┌──

(* Let $X$ and $Y$ be finite-dimensional real Banach spaces. If there exists a Hahn-Banach operator $T:X\to Y$ of rank $k$, then $f(X^* )+f(Y)\ge k-1$.
   Context: All spaces are real. $B(X)$ denotes the closed unit ball of $X$. A bounded linear operator $T:X\to Y$ between Banach spaces is a Hahn-Banach operator if for every Banach space $Z$ and every isometric embedding of $X$ into $Z$ (regarding $X$ as a subspace of $Z$) there exists a bounded linear operator $\tilde T:Z\to Y$ with $\|\tilde T\|=\|T\|$ and $\tilde Tx=Tx$ for all $x\in X$. For a finite-dimensional space $X$, a support set of $B(X)$ is the intersection of $B(X)$ with a supporting hyperplane of $B(X)$; the dimension of a set is the dimension of its affine hull; $f(X)$ is the maximal dimension of a support set of $B(X)$. $X^*$ is the dual space of $X$. *)

theory Defs
  imports "HOL-Analysis.Analysis"
begin

text \<open>A real normed vector space (given as a type) is finite-dimensional if it is
  spanned by a finite set.  Finite-dimensional normed spaces are automatically complete.\<close>
definition fin_dim_space :: "'a::real_normed_vector itself \<Rightarrow> bool" where
  "fin_dim_space _ \<longleftrightarrow> (\<exists>B::'a set. finite B \<and> span B = UNIV)"

text \<open>Dimension of a nonempty set = dimension of its affine hull
  = dimension of the linear span of its difference set.\<close>
definition affdim :: "'a::real_vector set \<Rightarrow> nat" where
  "affdim S = dim {x - y | x y. x \<in> S \<and> y \<in> S}"

definition support_set :: "'a::real_vector set \<Rightarrow> 'a set \<Rightarrow> bool" where
  "support_set B S \<longleftrightarrow> (\<exists>(\<phi>::'a \<Rightarrow> real) c. linear \<phi> \<and> \<phi> \<noteq> (\<lambda>x. 0) \<and>
      (\<forall>x\<in>B. \<phi> x \<le> c) \<and> (\<exists>x\<in>B. \<phi> x = c) \<and> S = B \<inter> {x. \<phi> x = c})"

definition fX :: "'a::real_normed_vector itself \<Rightarrow> nat" where
  "fX _ = Max {affdim S | S. support_set (cball (0::'a) 1) S}"

type_synonym amb = "nat \<Rightarrow>\<^sub>C real"

definition norm_on :: "amb set \<Rightarrow> (amb \<Rightarrow> real) \<Rightarrow> bool" where
  "norm_on V N \<longleftrightarrow>
     (\<forall>z\<in>V. 0 \<le> N z \<and> (N z = 0 \<longleftrightarrow> z = 0)) \<and>
     (\<forall>z\<in>V. \<forall>a. N (a *\<^sub>R z) = \<bar>a\<bar> * N z) \<and>
     (\<forall>z\<in>V. \<forall>w\<in>V. N (z + w) \<le> N z + N w)"

definition complete_on :: "amb set \<Rightarrow> (amb \<Rightarrow> real) \<Rightarrow> bool" where
  "complete_on V N \<longleftrightarrow>
     (\<forall>s::nat \<Rightarrow> amb. (\<forall>n. s n \<in> V) \<and>
        (\<forall>e>0. \<exists>M. \<forall>m\<ge>M. \<forall>n\<ge>M. N (s m - s n) < e) \<longrightarrow>
        (\<exists>z\<in>V. (\<lambda>n. N (s n - z)) \<longlonglongrightarrow> 0))"

definition banach_on :: "amb set \<Rightarrow> (amb \<Rightarrow> real) \<Rightarrow> bool" where
  "banach_on V N \<longleftrightarrow> subspace V \<and> norm_on V N \<and> complete_on V N"

definition linear_on :: "amb set \<Rightarrow> (amb \<Rightarrow> 'b::real_vector) \<Rightarrow> bool" where
  "linear_on V S \<longleftrightarrow> (\<forall>z\<in>V. \<forall>w\<in>V. S (z + w) = S z + S w) \<and>
     (\<forall>z\<in>V. \<forall>a. S (a *\<^sub>R z) = a *\<^sub>R S z)"

definition bounded_on :: "amb set \<Rightarrow> (amb \<Rightarrow> real) \<Rightarrow> (amb \<Rightarrow> 'b::real_normed_vector) \<Rightarrow> bool" where
  "bounded_on V N S \<longleftrightarrow> (\<exists>K. \<forall>z\<in>V. norm (S z) \<le> K * N z)"

definition opnorm_on :: "amb set \<Rightarrow> (amb \<Rightarrow> real) \<Rightarrow> (amb \<Rightarrow> 'b::real_normed_vector) \<Rightarrow> real" where
  "opnorm_on V N S = Sup {norm (S z) | z. z \<in> V \<and> N z \<le> 1}"

definition hahn_banach_op :: "('a::real_normed_vector \<Rightarrow> 'b::real_normed_vector) \<Rightarrow> bool" where
  "hahn_banach_op T \<longleftrightarrow> bounded_linear T \<and>
     (\<forall>(V::amb set) N (J::'a \<Rightarrow> amb).
        banach_on V N \<and> linear J \<and> (\<forall>x. J x \<in> V) \<and> (\<forall>x. N (J x) = norm x) \<longrightarrow>
        (\<exists>S::amb \<Rightarrow> 'b. linear_on V S \<and> bounded_on V N S \<and>
             opnorm_on V N S = onorm T \<and> (\<forall>x. S (J x) = T x)))"

end

theory Submission
  imports Defs
begin

(* Let x0 be a point of the unit ball where T attains its norm \<nu> > 0, and y0 a norming
   functional of T x0.  Then G = {f in the dual unit ball. f x0 = 1} and
   F = {y \<in> B(Y). y0 y = 1} are support sets.  Embed X isometrically into the bounded
   sequences and extend T to S with norm \<nu>.  If x \<in> B(X) is annihilated by G, the sequences
   J x0 \<plusminus> J x can be moved into the unit ball by adding one bounded sequence a that is small
   wherever J x0 almost peaks; since y0 \<circ> S peaks at J x0, it vanishes on a, so both
   S (J x0 \<plusminus> J x + a) / \<nu> lie in F and T x is a multiple of a difference of two points of F.
   Thus T maps the annihilator of G, of codimension at most dim G \<le> affdim G + 1, into the
   span of F - F, and k \<le> affdim F + affdim G + 1. *)

section \<open>Finite-dimensional normed spaces\<close>

lemma bounded_family_convergent_subseq:
  fixes f :: "nat \<Rightarrow> 'i \<Rightarrow> real"
  assumes "finite I" and "\<And>i k. i \<in> I \<Longrightarrow> \<bar>f k i\<bar> \<le> M"
  obtains r where "strict_mono r" and "\<And>i. i \<in> I \<Longrightarrow> convergent (\<lambda>k. f (r k) i)"
proof -
  from assms have "\<exists>r. strict_mono r \<and> (\<forall>i\<in>I. convergent (\<lambda>k. f (r k) i))"
  proof (induction I arbitrary: f rule: finite_induct)
    case empty
    show ?case by (auto intro: strict_monoI)
  next
    case (insert j I)
    obtain r1 where r1: "strict_mono r1" "\<forall>i\<in>I. convergent (\<lambda>k. f (r1 k) i)"
      using insert.IH[of f] insert.prems by auto
    have "bounded (range (\<lambda>k. f (r1 k) j))"
      using insert.prems by (intro boundedI[of _ M]) auto
    then obtain l r2 where r2: "strict_mono r2" "((\<lambda>k. f (r1 k) j) \<circ> r2) \<longlonglongrightarrow> l"
      using bounded_imp_convergent_subsequence by blast
    have "convergent (\<lambda>k. f (r1 (r2 k)) i)" if i: "i \<in> insert j I" for i
    proof (cases "i = j")
      case True
      then show ?thesis using r2(2) by (auto simp: o_def convergent_def)
    next
      case False
      then obtain l' where "(\<lambda>k. f (r1 k) i) \<longlonglongrightarrow> l'"
        using i r1(2) by (auto simp: convergent_def)
      from LIMSEQ_subseq_LIMSEQ[OF this r2(1)] show ?thesis
        by (auto simp: o_def convergent_def)
    qed
    then have "\<forall>i\<in>insert j I. convergent (\<lambda>k. f ((r1 \<circ> r2) k) i)" by simp
    moreover have "strict_mono (r1 \<circ> r2)" using r1(1) r2(1) by (rule strict_mono_o)
    ultimately show ?case by blast
  qed
  then show thesis using that by blast
qed

lemma independent_l1_sphere_norm_bounded_below:
  fixes B :: "'a::real_normed_vector set"
  assumes fin: "finite B" and ind: "independent B"
  obtains \<delta> where "\<delta> > 0" "\<And>d. (\<Sum>b\<in>B. \<bar>d b\<bar>) = 1 \<Longrightarrow> \<delta> \<le> norm (\<Sum>b\<in>B. d b *\<^sub>R b)"
proof (rule ccontr)
  assume "\<not> thesis"
  with that have "\<exists>d. (\<Sum>b\<in>B. \<bar>d b\<bar>) = 1 \<and> norm (\<Sum>b\<in>B. d b *\<^sub>R b) < 1 / real (Suc k)" for k
    by (meson not_le of_nat_0_less_iff zero_less_Suc divide_pos_pos zero_less_one)
  then obtain d where d_sum: "\<And>k. (\<Sum>b\<in>B. \<bar>d k b\<bar>) = 1"
    and d_norm: "\<And>k. norm (\<Sum>b\<in>B. d k b *\<^sub>R b) < 1 / real (Suc k)"
    by metis
  have d_norm_le: "norm (\<Sum>b\<in>B. d k b *\<^sub>R b) \<le> 1 / real (Suc k)" for k
    using d_norm[of k] by simp
  have d_le: "\<bar>d k b\<bar> \<le> 1" if "b \<in> B" for k b
    using d_sum[of k] member_le_sum[of b B "\<lambda>b. \<bar>d k b\<bar>"] fin that by auto
  obtain r where r: "strict_mono r" "\<And>b. b \<in> B \<Longrightarrow> convergent (\<lambda>k. d (r k) b)"
    using bounded_family_convergent_subseq[OF fin, of d 1] d_le by blast
  then obtain l where l: "\<And>b. b \<in> B \<Longrightarrow> (\<lambda>k. d (r k) b) \<longlonglongrightarrow> l b"
    unfolding convergent_def by metis
  have "(\<lambda>k. \<Sum>b\<in>B. \<bar>d (r k) b\<bar>) \<longlonglongrightarrow> (\<Sum>b\<in>B. \<bar>l b\<bar>)"
    by (intro tendsto_sum tendsto_rabs l)
  then have l_sum: "(\<Sum>b\<in>B. \<bar>l b\<bar>) = 1"
    by (simp add: d_sum LIMSEQ_const_iff)
  have "(\<lambda>k. \<Sum>b\<in>B. d (r k) b *\<^sub>R b) \<longlonglongrightarrow> (\<Sum>b\<in>B. l b *\<^sub>R b)"
    by (intro tendsto_sum tendsto_scaleR l tendsto_const)
  moreover have "(\<lambda>k. \<Sum>b\<in>B. d (r k) b *\<^sub>R b) \<longlonglongrightarrow> 0"
  proof (rule tendsto_norm_zero_cancel,
      rule tendsto_sandwich[of "\<lambda>_. 0" _ _ "\<lambda>k. 1 / real (Suc (r k))"])
    show "(\<lambda>k. 1 / real (Suc (r k))) \<longlonglongrightarrow> 0"
      using LIMSEQ_subseq_LIMSEQ[OF LIMSEQ_Suc[OF lim_inverse_n'] r(1)]
      by (simp add: o_def divide_inverse)
  qed (use d_norm_le in auto)
  ultimately have "(\<Sum>b\<in>B. l b *\<^sub>R b) = 0" using LIMSEQ_unique by blast
  then have "\<forall>b\<in>B. l b = 0" using independentD[OF ind fin order_refl] by blast
  then show False using l_sum by simp
qed

lemma independent_coeffs_le_norm:
  fixes B :: "'a::real_normed_vector set"
  assumes fin: "finite B" and ind: "independent B"
  obtains C where "\<And>c b. b \<in> B \<Longrightarrow> \<bar>c b\<bar> \<le> C * norm (\<Sum>b\<in>B. c b *\<^sub>R b)"
proof -
  obtain \<delta> where \<delta>: "\<delta> > 0" "\<And>d. (\<Sum>b\<in>B. \<bar>d b\<bar>) = 1 \<Longrightarrow> \<delta> \<le> norm (\<Sum>b\<in>B. d b *\<^sub>R b)"
    using independent_l1_sphere_norm_bounded_below[OF fin ind] by blast
  have "\<bar>c b\<bar> \<le> 1 / \<delta> * norm (\<Sum>b\<in>B. c b *\<^sub>R b)" if "b \<in> B" for c b
  proof -
    define s where "s = (\<Sum>b\<in>B. \<bar>c b\<bar>)"
    have cb: "\<bar>c b\<bar> \<le> s" unfolding s_def using fin that by (intro member_le_sum) auto
    show ?thesis
    proof (cases "s = 0")
      case True
      then show ?thesis using cb \<delta>(1) by simp
    next
      case False
      then have "s > 0" unfolding s_def by (simp add: less_le sum_nonneg)
      have "\<delta> \<le> norm (\<Sum>b\<in>B. (c b / s) *\<^sub>R b)"
        using \<open>s > 0\<close> by (intro \<delta>(2)) (simp add: abs_divide s_def flip: sum_divide_distrib)
      also have "\<dots> = norm (\<Sum>b\<in>B. c b *\<^sub>R b) / s"
        using \<open>s > 0\<close> by (simp add: divide_inverse mult.commute flip: scaleR_scaleR scaleR_sum_right)
      finally have "s \<le> norm (\<Sum>b\<in>B. c b *\<^sub>R b) / \<delta>"
        using \<open>s > 0\<close> \<delta>(1) by (simp add: field_simps)
      then show ?thesis using cb by simp
    qed
  qed
  then show thesis by (rule that)
qed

└──

Take from the material above the lines running from the one with "then show thesis using that by blast" through the one with "by (meson not_le", and repeat them exactly, with nothing else.

» **SOLUTION TO THE PROBLEM**
  then show thesis using that by blast
qed

lemma independent_l1_sphere_norm_bounded_below:
  fixes B :: "'a::real_normed_vector set"
  assumes fin: "finite B" and ind: "independent B"
  obtains \<delta> where "\<delta> > 0" "\<And>d. (\<Sum>b\<in>B. \<bar>d b\<bar>) = 1 \<Longrightarrow> \<delta> \<le> norm (\<Sum>b\<in>B. d b *\<^sub>R b)"
proof (rule ccontr)
  assume "\<not> thesis"
  with that have "\<exists>d. (\<Sum>b\<in>B. \<bar>d b\<bar>) = 1 \<and> norm (\<Sum>b\<in>B. d b *\<^sub>R b) < 1 / real (Suc k)" for k
    by (meson not_le of_nat_0_less_iff zero_less_Suc divide_pos_pos zero_less_one)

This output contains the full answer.